In May 2004, burglars set fire to a warehouse in east London. They wanted to cover their tracks after stealing electronics equipment. They probably didn’t know — and I doubt they would have cared — that the warehouse also happened to contain artwork stored by a company named Momart, primarily works by acclaimed British artists such as Damien Hirst and Tracey Emin.
Up it all went, consumed by the flames.
I thought of that conflagration — known in the art world as the Momart warehouse fire — when our contractor, Steve, called my attention to something he’d found in our basement.
We’re having a new bathroom installed down there. When Steve pulled down a wall, he saw that a pipe from an upstairs toilet was leaking into a storage closet. We had shoved all sorts of things in this crawl space: old toys, a pair of crutches, an empty guitar case. . . . Also back there was a long, flat cardboard box that was sort of a Momart warehouse of our house. It contained artwork by Harmon Pritchard and Charles Eugene Moss, My Lovely Wife’s paternal grandfather and maternal great-grandfather, respectively.

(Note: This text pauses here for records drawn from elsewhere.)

theorem proposition1:
  fixes x :: "'n::finite \<Rightarrow> real^'p::finite"
    and u :: "'s::finite \<Rightarrow> real^'p"
    and c :: "'n \<Rightarrow> 's"
    and k :: "real^'p \<Rightarrow> real^'p \<Rightarrow> real"
  assumes u_from_x: "\<forall>j. \<exists>i. u j = x i"
    and nearest: "\<forall>i q. dist (x i) (u (c i)) \<le> dist (x i) (u q)"
    and k_nonneg: "\<forall>a b. 0 \<le> k a b"
    and pos1: "\<forall>j. 0 < (\<Sum>q\<in>UNIV. k (x q) (u j))"
    and pos2: "\<forall>i. 0 < (\<Sum>q\<in>UNIV. real (cluster_size c q) * k (x i) (u q))"
    and pos3: "\<forall>i. 0 < (\<Sum>l\<in>UNIV. A_mat k x u c $ i $ l)"
    and pos4: "\<forall>j. 0 < (\<Sum>i\<in>UNIV. Z_mat k x u c $ i $ j)"
  shows "(\<forall>\<mu>. is_ceigenvalue (L_mat k x u c) \<mu> \<longrightarrow>
            Im \<mu> = 0 \<and> 0 \<le> Re \<mu> \<and> Re \<mu> \<le> 1)
         \<and> is_ceigenvalue (L_mat k x u c) 0"
proof -
  define Z where "Z = Z_mat k x u c"
  have nonneg: "\<And>i j. 0 \<le> Z$i$j"
    unfolding Z_def using k_nonneg by (rule Z_mat_nonneg)
  have rows: "\<And>i. (\<Sum>j\<in>UNIV. Z$i$j) = 1"
    unfolding Z_def using pos3 by (intro Z_mat_row_sum) (metis less_irrefl)
  have cols: "\<And>j. (\<Sum>i\<in>UNIV. Z$i$j) \<noteq> 0"
    unfolding Z_def using pos4 by (metis less_irrefl)
  have "L_mat k x u c = mat 1 - psd_sqrt (anchor_graph_adjacency Z)"
    using cols by (simp add: L_mat_def Lambda_mat_eq_diag_mat matrix_inv_diag_mat
        anchor_graph_adjacency_def Z_def)
  then show ?thesis
    using identity_minus_psd_sqrt_spectrum[OF anchor_graph_adjacency_psd[OF nonneg]
        anchor_graph_adjacency_ones[OF rows cols]
        anchor_graph_adjacency_quadratic_form_le[OF nonneg rows]]
    by simp
qed

end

Who knows how long the water had been dripping. Probably months. A flood we would have noticed, but a drip is more insidious. And basements, after all, are often damp and occasionally visited by puddles of dubious origin.
The water had dripped onto the box, swelling it, turning its corrugated surface into a breeding ground for mold. Over time, drip by drip, it had worked its way through the box, like a slow-motion oxyacetylene torch. Water can seem benign, but let’s not forget it’s what carved the Grand Canyon.
Steve pointed out that the cardboard box had taken the brunt of the damage. It could have been placed anywhere in that closet, but it was at Ground Zero. When I saw the box — collapsed, suppurating, mottled by mold — I was almost physically ill. Oil paints do not do well when exposed to moisture. Nor do pencil sketches. Water, perversely, is especially unkind to watercolors.
My wife, Ruth, never met Harmon Pritchard or Charles Eugene Moss. They were gone long before she came around. Neither artist was what you’d call famous. Pritchard fascinates me because of his Walter Mitty-like life. He was a New York Jew who changed his name from “Herman” and the family name from “Prichep” and dreamed of being a cowboy artist. He worked as an accountant but in his spare time drew and painted such subjects as calves being roped, broncos being busted and cowboys riding the range. He drew from life, after a fashion, finding inspiration in the rodeos and cowboy shows that visited New York City every year in the 1930s and 1940s. We have a photo of Harmon. He’s wearing a 10-gallon hat, Hopalong Cassidy from the Bronx.
Moss grew up in a small Nebraska town and showed such artistic promise as a boy that the citizenry raised money so he could study in the fashion artists were supposed to, in Europe. He was packed off to France. His was a much more classical education than Pritchard’s. Moss painted dreamy landscapes, impressionist portraits and vaguely Cassatt-like pictures of mothers and children. He exhibited in Paris, immigrated to Canada and was active in Ottawa art circles.
The cardboard box contained just a fraction of the work my wife has from these two forebears. In fact, this wasn’t finished work at all, just doodles and sketches — scraps, really. The best stuff is hanging on our walls. We have another assortment in the attic in a metal box.
At least we did till last week. The attic’s the wrong place for stuff like that. I’ll put the box somewhere safer, though I’m not sure exactly where that might be.
As I went through the cardboard box, pulling at the damp and stained paper and canvas inside, I silently asked forgiveness from these two long dead men, so very different from one another but each vital to the eventual arrival of My Lovely Wife.
I reflected on Art and the battle it fights: to take something as fragile as a piece of paper and a pencil, a square of cloth and a dab of paint, and attempt to forestall the drip, drip, drip of Time.